TASK TO COMPLETE.
Repeat back the entries that follow, keeping every word as it is.

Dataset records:

-- Opening Marker --

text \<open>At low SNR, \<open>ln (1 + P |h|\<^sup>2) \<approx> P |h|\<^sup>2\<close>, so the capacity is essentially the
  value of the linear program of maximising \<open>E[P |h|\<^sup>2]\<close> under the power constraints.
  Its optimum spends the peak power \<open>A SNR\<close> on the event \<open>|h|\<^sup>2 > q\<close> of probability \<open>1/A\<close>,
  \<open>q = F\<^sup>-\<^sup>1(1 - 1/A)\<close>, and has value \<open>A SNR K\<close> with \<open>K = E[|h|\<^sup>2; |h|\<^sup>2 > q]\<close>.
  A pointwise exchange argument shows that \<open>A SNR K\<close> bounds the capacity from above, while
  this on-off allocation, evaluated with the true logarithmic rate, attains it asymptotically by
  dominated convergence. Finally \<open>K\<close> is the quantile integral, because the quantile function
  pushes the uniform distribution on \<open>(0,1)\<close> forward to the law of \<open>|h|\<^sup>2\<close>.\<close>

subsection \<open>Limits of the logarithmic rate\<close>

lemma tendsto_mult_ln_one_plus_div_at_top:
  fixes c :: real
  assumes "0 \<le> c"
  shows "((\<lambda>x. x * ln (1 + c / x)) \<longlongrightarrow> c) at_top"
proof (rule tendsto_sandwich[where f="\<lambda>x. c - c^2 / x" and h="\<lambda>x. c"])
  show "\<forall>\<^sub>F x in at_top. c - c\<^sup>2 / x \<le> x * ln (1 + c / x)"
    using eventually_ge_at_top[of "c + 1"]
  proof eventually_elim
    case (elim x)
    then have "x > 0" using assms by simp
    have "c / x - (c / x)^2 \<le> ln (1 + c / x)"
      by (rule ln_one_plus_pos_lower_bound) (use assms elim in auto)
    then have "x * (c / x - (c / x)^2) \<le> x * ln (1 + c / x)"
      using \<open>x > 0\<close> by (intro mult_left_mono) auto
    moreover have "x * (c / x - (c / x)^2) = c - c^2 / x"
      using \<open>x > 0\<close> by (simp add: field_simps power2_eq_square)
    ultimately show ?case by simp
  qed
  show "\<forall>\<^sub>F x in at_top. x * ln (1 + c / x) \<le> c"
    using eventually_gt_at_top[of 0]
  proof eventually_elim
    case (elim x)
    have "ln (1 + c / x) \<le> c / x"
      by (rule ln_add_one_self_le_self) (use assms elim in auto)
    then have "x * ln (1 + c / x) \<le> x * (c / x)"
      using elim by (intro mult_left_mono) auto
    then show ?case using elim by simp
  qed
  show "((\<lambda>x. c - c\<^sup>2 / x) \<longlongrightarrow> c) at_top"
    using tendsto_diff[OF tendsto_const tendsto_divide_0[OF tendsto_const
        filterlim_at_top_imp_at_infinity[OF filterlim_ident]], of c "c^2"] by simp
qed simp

-- Closing Marker --

SOLUTION FOR THIS TASK.
text \<open>At low SNR, \<open>ln (1 + P |h|\<^sup>2) \<approx> P |h|\<^sup>2\<close>, so the capacity is essentially the
  value of the linear program of maximising \<open>E[P |h|\<^sup>2]\<close> under the power constraints.
  Its optimum spends the peak power \<open>A SNR\<close> on the event \<open>|h|\<^sup>2 > q\<close> of probability \<open>1/A\<close>,
  \<open>q = F\<^sup>-\<^sup>1(1 - 1/A)\<close>, and has value \<open>A SNR K\<close> with \<open>K = E[|h|\<^sup>2; |h|\<^sup>2 > q]\<close>.
  A pointwise exchange argument shows that \<open>A SNR K\<close> bounds the capacity from above, while
  this on-off allocation, evaluated with the true logarithmic rate, attains it asymptotically by
  dominated convergence. Finally \<open>K\<close> is the quantile integral, because the quantile function
  pushes the uniform distribution on \<open>(0,1)\<close> forward to the law of \<open>|h|\<^sup>2\<close>.\<close>

subsection \<open>Limits of the logarithmic rate\<close>

lemma tendsto_mult_ln_one_plus_div_at_top:
  fixes c :: real
  assumes "0 \<le> c"
  shows "((\<lambda>x. x * ln (1 + c / x)) \<longlongrightarrow> c) at_top"
proof (rule tendsto_sandwich[where f="\<lambda>x. c - c^2 / x" and h="\<lambda>x. c"])
  show "\<forall>\<^sub>F x in at_top. c - c\<^sup>2 / x \<le> x * ln (1 + c / x)"
    using eventually_ge_at_top[of "c + 1"]
  proof eventually_elim
    case (elim x)
    then have "x > 0" using assms by simp
    have "c / x - (c / x)^2 \<le> ln (1 + c / x)"
      by (rule ln_one_plus_pos_lower_bound) (use assms elim in auto)
    then have "x * (c / x - (c / x)^2) \<le> x * ln (1 + c / x)"
      using \<open>x > 0\<close> by (intro mult_left_mono) auto
    moreover have "x * (c / x - (c / x)^2) = c - c^2 / x"
      using \<open>x > 0\<close> by (simp add: field_simps power2_eq_square)
    ultimately show ?case by simp
  qed
  show "\<forall>\<^sub>F x in at_top. x * ln (1 + c / x) \<le> c"
    using eventually_gt_at_top[of 0]
  proof eventually_elim
    case (elim x)
    have "ln (1 + c / x) \<le> c / x"
      by (rule ln_add_one_self_le_self) (use assms elim in auto)
    then have "x * ln (1 + c / x) \<le> x * (c / x)"
      using elim by (intro mult_left_mono) auto
    then show ?case using elim by simp
  qed
  show "((\<lambda>x. c - c\<^sup>2 / x) \<longlongrightarrow> c) at_top"
    using tendsto_diff[OF tendsto_const tendsto_divide_0[OF tendsto_const
        filterlim_at_top_imp_at_infinity[OF filterlim_ident]], of c "c^2"] by simp
qed simp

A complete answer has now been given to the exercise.